For every line in the material below that holds "Analysis", report the line.

**Data for this task**:
#####

(* Let $N_1$ be a lattice, $M_1=\mathrm{Hom}(N_1,\mathbb Z)$, and let $(\sigma,\sigma^0)$ be a stacky fan in $N_{1,\mathbb R}$ whose fan consists of a simplicial cone $\sigma$ with $\dim\sigma=\mathrm{rk}N_1$ and its faces. Then the $(\sigma,\sigma^0)$-free resolution of $\sigma^\vee\cap M_1$ is given by the natural inclusion $$\sigma^\vee\cap M_1\to\{m\in M_1\otimes_{\mathbb Z}\mathbb Q:\langle m,n\rangle\in\mathbb Z_{\ge0}\text{ for all }n\in\sigma^0\}.$$
   Context: A stacky fan $(\Sigma,\Sigma^0)$ in $N_{\mathbb R}$: $\Sigma$ a finite simplicial fan, $\Sigma^0\subset|\Sigma|\cap N$ such that for each cone $\tau$, $\tau\cap\Sigma^0$ is a submonoid of $\tau\cap N$ isomorphic to $\mathbb N^{\dim\tau}$ and every element of $\tau\cap N$ has a positive multiple in it. For a ray $\rho$ with first nonzero lattice point $\zeta_\rho$, the level $n_\rho$ is the integer with $n_\rho\zeta_\rho$ the first nonzero point of $\rho\cap\Sigma^0$. A submonoid $S\subset P$ is close to $P$ if every element of $P$ has a positive multiple in $S$. For $P=\sigma^\vee\cap M_1$ (sharp, simplicially toric, of rank $d$), the minimal free resolution is the injective homomorphism $r:P\to F\cong\mathbb N^d$ with $r(P)$ close to $F$ such that every injective $j:P\to G\cong\mathbb N^d$ with close image factors uniquely as $j=\phi\circ r$. Each irreducible element $e$ of $F$ corresponds to the unique ray $\rho$ of $\sigma$ such that $\langle m,\zeta_\rho\rangle>0$ for $m\in P$ with $r(m)$ a positive multiple of $e$; write $e_\rho$. The $(\sigma,\sigma^0)$-free resolution of $P$ is $t\circ r:P\to F$, where $t:F\to F$, $e_\rho\mapsto n_\rho e_\rho$. The claim means the displayed target is a free monoid of rank $d$ and the inclusion is isomorphic (under $P$) to $t\circ r$. *)

theory Defs
  imports "HOL-Analysis.Analysis"
begin

text \<open>The lattice N_1 is modelled as the integer points of real^'n (rank = CARD('n));
  M_1 = Hom(N_1,Z) is identified with the same integer points via the dot product,
  and M_1 (x) Q with the vectors having rational coordinates.\<close>

definition lat :: "(real^'n) set" where
  "lat = {x. \<forall>i. x $ i \<in> \<int>}"

text \<open>Cone generated by the vectors u i, i in S.  The simplicial cone sigma is
  cone_gen u UNIV; its faces are exactly the cone_gen u S.\<close>
definition cone_gen :: "('n \<Rightarrow> real^'n) \<Rightarrow> 'n set \<Rightarrow> (real^'n) set" where
  "cone_gen u S = {(\<Sum>i\<in>S. c i *\<^sub>R u i) | c. \<forall>i\<in>S. c i \<ge> 0}"
lemma arc_path_to_side:
  assumes "arc_path i b c p" "b < \<beta>" "{c, Suc b} \<notin> B"
  shows "arc_path i (Suc b) (Suc b) (p @ [Suc b])"
proof -
  define l where "l = Suc (i + (b - \<alpha>))"
  have path: "set p = cyc_arc n (chain i) l" "last p = c" "c = chain i \<or> c = b" "\<alpha> \<le> b" "i < L"
    using assms(1) unfolding arc_path_def l_def by auto
  have "0 < l" "l < n" "Suc b < n"
    using assms(2) path(4,5) L_facts n_facts unfolding l_def by linarith+
  then have ends: "last p = chain i mod n \<or> last p = (chain i + (l - 1)) mod n"
    using path chain_arc_end[of b i] chain_less[of i] unfolding l_def by auto
  have "l = i + (Suc b - \<alpha>)"
    using path(4) unfolding l_def by auto
  then have "(chain i + l) mod n = Suc b"
    using path(4,5) chain_arc_end[of "Suc b" i] \<open>Suc b < n\<close> by simp
  then have next_vertex: "Suc b = (chain i + l) mod n" ..
  have "set (p @ [Suc b]) = insert ((chain i + l) mod n) (cyc_arc n (chain i) l)"
    using path(1) next_vertex by simp
  also have "\<dots> = cyc_arc n (chain i) (Suc (i + (Suc b - \<alpha>)))"
    using cyc_arc_Suc \<open>l = i + (Suc b - \<alpha>)\<close> by simp
  finally have "set (p @ [Suc b]) = cyc_arc n (chain i) (Suc (i + (Suc b - \<alpha>)))" .
  moreover have "noncrossing (p @ [Suc b])" "distinct (p @ [Suc b])"
    using cyc_arc_path_snoc[of p n "chain i" l] assms(1) path(1) \<open>0 < l\<close> \<open>l < n\<close> ends next_vertex
    unfolding arc_path_def by auto
  moreover have "path_edges (p @ [Suc b]) \<inter> B = {}"
    using assms path path_edges_snoc[of p "Suc b"] \<open>0 < l\<close>
    unfolding arc_path_def cyc_arc_def by fastforce
  ultimately show ?thesis
    using assms(2) path unfolding arc_path_def by auto
qed
(* For any $n$-qubit pure states $\ket{\psi},\ket{\phi}$, $$|\mathcal{C}(\ket{\psi})-\mathcal{C}(\ket{\phi})|\le\sqrt2\,D_{tr}(\ket{\psi}\!\bra{\psi},\ket{\phi}\!\bra{\phi}).$$
   Context: $D_{tr}(\rho,\sigma)=\frac12\|\rho-\sigma\|_1$ is the trace distance. $\mathcal{C}(\ket{\psi})=1-\frac{1}{2^{n}}\sum_{\alpha\subseteq [n]}\mathrm{Tr}[\rho_\alpha^2]$, with $\rho_\alpha$ the reduced state of $\ket{\psi}$ on $\alpha$ and $\mathrm{Tr}[\rho_\emptyset^2]=1$. *)

theory Defs
  imports "Jordan_Normal_Form.Char_Poly"
begin

text \<open>An n-qubit pure state is a normalized vector of 2^n complex amplitudes, indexed by
  the computational basis states i < 2^n; qubit k of basis state i is the k-th bit of i.\<close>

definition pure_state :: "nat \<Rightarrow> (nat \<Rightarrow> complex) \<Rightarrow> bool" where
  "pure_state n \<psi> \<longleftrightarrow> (\<Sum>i<2^n. (cmod (\<psi> i))\<^sup>2) = 1"

definition proj :: "nat \<Rightarrow> (nat \<Rightarrow> complex) \<Rightarrow> complex mat" where
  "proj n \<psi> = mat (2^n) (2^n) (\<lambda>(i,j). \<psi> i * cnj (\<psi> j))"

definition ctrans :: "complex mat \<Rightarrow> complex mat" where
  "ctrans A = mat (dim_col A) (dim_row A) (\<lambda>(i,j). cnj (A $$ (j,i)))"

text \<open>Trace norm: sum of the singular values of A (with multiplicity), i.e. the sum of
  the square roots of the eigenvalues of A^* A counted with algebraic multiplicity.\<close>
definition trace_norm :: "complex mat \<Rightarrow> real" where
  "trace_norm A = (\<Sum>z\<in>{z. poly (char_poly (ctrans A * A)) z = 0}.
       real (order z (char_poly (ctrans A * A))) * sqrt (Re z))"

definition trace_dist :: "complex mat \<Rightarrow> complex mat \<Rightarrow> real" where
  "trace_dist \<rho> \<sigma> = trace_norm (\<rho> - \<sigma>) / 2"

text \<open>Basis indices (< 2^n) of the subsystem alpha: all bits outside alpha are zero.
  Reduced state rho_alpha on these indices (partial trace over the complement of alpha).\<close>
definition sub_idx :: "nat \<Rightarrow> nat set \<Rightarrow> nat set" where
  "sub_idx n \<alpha> = {i. i < 2^n \<and> (\<forall>b. \<not> b \<in> \<alpha> \<longrightarrow> \<not> bit i b)}"

definition reduced :: "nat \<Rightarrow> (nat \<Rightarrow> complex) \<Rightarrow> nat set \<Rightarrow> nat \<Rightarrow> nat \<Rightarrow> complex" where
  "reduced n \<psi> \<alpha> i j = (\<Sum>k\<in>sub_idx n ({0..<n} - \<alpha>). \<psi> (i + k) * cnj (\<psi> (j + k)))"

definition purity :: "nat \<Rightarrow> (nat \<Rightarrow> complex) \<Rightarrow> nat set \<Rightarrow> real" where
  "purity n \<psi> \<alpha> = Re (\<Sum>i\<in>sub_idx n \<alpha>. \<Sum>j\<in>sub_idx n \<alpha>. reduced n \<psi> \<alpha> i j * reduced n \<psi> \<alpha> j i)"

definition C_ent :: "nat \<Rightarrow> (nat \<Rightarrow> complex) \<Rightarrow> real" where
  "C_ent n \<psi> = 1 - (\<Sum>\<alpha>\<in>Pow {0..<n}. purity n \<psi> \<alpha>) / 2^n"

end

theory Submission
  imports Defs "Jordan_Normal_Form.Schur_Decomposition" "HOL-Analysis.L2_Norm"
begin

text \<open>
  Let X = psi \<otimes> psi be the state of two copies of psi. The purity Tr rho_alpha^2 equals
  <X, SWAP_alpha X>, where SWAP_alpha exchanges the qubits in alpha between the two copies.
  Composing swaps takes the symmetric difference of the subsystems, so the swaps form a group
  and their average P is an orthogonal projection with C(psi) = 1 - |P X|^2.
  Splitting <X, Y> = <P X, P Y> + <(1 - P) X, (1 - P) Y> and applying Cauchy-Schwarz gives
  |<psi, phi>|^2 = |<X, Y>| \<le> a b + a' b' for the unit vectors (a, a') = (|P X|, |(1 - P) X|)
  and (b, b') = (|P Y|, |(1 - P) Y|) of the plane. An elementary planar inequality then bounds
  |a^2 - b^2| by sqrt 2 * sqrt (1 - |<psi, phi>|^2), and the square root is the trace distance
  of the two pure states: their difference of projectors has the two eigenvalues
  \<plusminus>sqrt (1 - |<psi, phi>|^2).
\<close>

unbundle bit_operations_syntax

section \<open>Orthogonal projections on finitely indexed vectors\<close>

definition inner_on :: "'a set \<Rightarrow> ('a \<Rightarrow> complex) \<Rightarrow> ('a \<Rightarrow> complex) \<Rightarrow> complex" where
  "inner_on S f g = (\<Sum>p\<in>S. f p * cnj (g p))"

definition norm_on :: "'a set \<Rightarrow> ('a \<Rightarrow> complex) \<Rightarrow> real" where
  "norm_on S f = L2_set (\<lambda>p. cmod (f p)) S"

lemma inner_on_self: "inner_on S f f = of_real ((norm_on S f)\<^sup>2)"
proof -
  have "(norm_on S f)\<^sup>2 = (\<Sum>p\<in>S. (cmod (f p))\<^sup>2)"
    by (simp add: norm_on_def L2_set_def sum_nonneg)
  then show ?thesis
    by (simp only: inner_on_def of_real_sum complex_norm_square)
qed

lemma inner_on_commute: "inner_on S g f = cnj (inner_on S f g)"
  by (simp add: inner_on_def mult.commute)

lemma inner_on_diff_left: "inner_on S (\<lambda>p. f p - g p) h = inner_on S f h - inner_on S g h"
  by (simp add: inner_on_def algebra_simps sum_subtractf)

lemma inner_on_diff_right: "inner_on S f (\<lambda>p. g p - h p) = inner_on S f g - inner_on S f h"
  by (simp add: inner_on_def algebra_simps sum_subtractf)

lemma norm_inner_on_le: "cmod (inner_on S f g) \<le> norm_on S f * norm_on S g"
proof -
  have "cmod (inner_on S f g) \<le> (\<Sum>p\<in>S. \<bar>cmod (f p)\<bar> * \<bar>cmod (g p)\<bar>)"
    unfolding inner_on_def by (rule order_trans[OF norm_sum]) (simp add: norm_mult)
  also have "\<dots> \<le> norm_on S f * norm_on S g"
    unfolding norm_on_def by (rule L2_set_mult_ineq)
  finally show ?thesis .
qed

definition orth_proj_on :: "'a set \<Rightarrow> (('a \<Rightarrow> complex) \<Rightarrow> 'a \<Rightarrow> complex) \<Rightarrow> bool" where
  "orth_proj_on S P \<longleftrightarrow>
     (\<forall>f g. inner_on S (P f) g = inner_on S f (P g)) \<and> (\<forall>f. \<forall>p\<in>S. P (P f) p = P f p)"

lemma orth_proj_on_inner_right:
  assumes "orth_proj_on S P"
  shows "inner_on S f (P g) = inner_on S (P f) (P g)"
proof -
  have "inner_on S (P f) (P g) = inner_on S f (P (P g))"
    using assms by (simp add: orth_proj_on_def)
  also have "\<dots> = inner_on S f (P g)"
    using assms unfolding inner_on_def orth_proj_on_def by (intro sum.cong) auto
  finally show ?thesis by simp
qed

lemma orth_proj_on_inner_decomp:
  assumes "orth_proj_on S P"
  shows "inner_on S f g = inner_on S (P f) (P g) + inner_on S (\<lambda>p. f p - P f p) (\<lambda>p. g p - P g p)"
proof -
  have "inner_on S (P f) g = inner_on S (P f) (P g)"
    using assms orth_proj_on_inner_right by (metis orth_proj_on_def)
  then show ?thesis
    using orth_proj_on_inner_right[OF assms, of f g]
    by (simp add: inner_on_diff_left inner_on_diff_right)
qed

lemma orth_proj_on_pythagoras:
  assumes "orth_proj_on S P"
  shows "(norm_on S f)\<^sup>2 = (norm_on S (P f))\<^sup>2 + (norm_on S (\<lambda>p. f p - P f p))\<^sup>2"
proof -
  have "complex_of_real ((norm_on S f)\<^sup>2)
      = of_real ((norm_on S (P f))\<^sup>2 + (norm_on S (\<lambda>p. f p - P f p))\<^sup>2)"
    using orth_proj_on_inner_decomp[OF assms, of f f] by (simp add: inner_on_self)
  then show ?thesis
    by (simp only: of_real_eq_iff)
qed

lemma orth_proj_on_norm_inner_le:
  assumes "orth_proj_on S P"
  shows "cmod (inner_on S f g) \<le> norm_on S (P f) * norm_on S (P g)
           + norm_on S (\<lambda>p. f p - P f p) * norm_on S (\<lambda>p. g p - P g p)"
  unfolding orth_proj_on_inner_decomp[OF assms, of f g]
  by (rule order_trans[OF norm_triangle_ineq]) (intro add_mono norm_inner_on_le)

section \<open>Splitting basis indices into subsystems\<close>

lemma less_power2_iff_bits: "(x::nat) < 2^n \<longleftrightarrow> (\<forall>b. bit x b \<longrightarrow> b < n)"
proof -
  have "x < 2^n \<longleftrightarrow> take_bit n x = x" by (simp add: take_bit_nat_eq_self_iff)
  also have "\<dots> \<longleftrightarrow> (\<forall>b. bit x b \<longrightarrow> b < n)" by (auto simp: bit_eq_iff bit_take_bit_iff)
  finally show ?thesis .
qed

lemma add_eq_or_if_disjoint_bits:
  fixes i k :: nat
  assumes "\<And>b. \<not> (bit i b \<and> bit k b)"
  shows "i + k = i OR k"
  by (rule disjunctive_add_eq_or) (use assms in \<open>auto simp: bit_eq_iff bit_and_iff\<close>)

definition set_mask :: "nat set \<Rightarrow> nat" where
  "set_mask A = (\<Sum>b\<in>A. 2^b)"

lemma bit_set_mask_iff: "finite A \<Longrightarrow> bit (set_mask A) b \<longleftrightarrow> b \<in> A"
proof (induction A arbitrary: b rule: finite_induct)
  case empty
  then show ?case by (simp add: set_mask_def)
next
  case (insert a A)
  have "set_mask (insert a A) = 2^a + set_mask A"
    using insert by (simp add: set_mask_def)
  also have "\<dots> = 2^a OR set_mask A"
    using insert by (intro add_eq_or_if_disjoint_bits) (auto simp: bit_exp_iff)
  finally show ?case
    using insert by (auto simp: bit_or_iff bit_exp_iff)
qed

#####

**Result for this task**:
  imports "HOL-Analysis.Analysis"
  imports Defs "Jordan_Normal_Form.Schur_Decomposition" "HOL-Analysis.L2_Norm"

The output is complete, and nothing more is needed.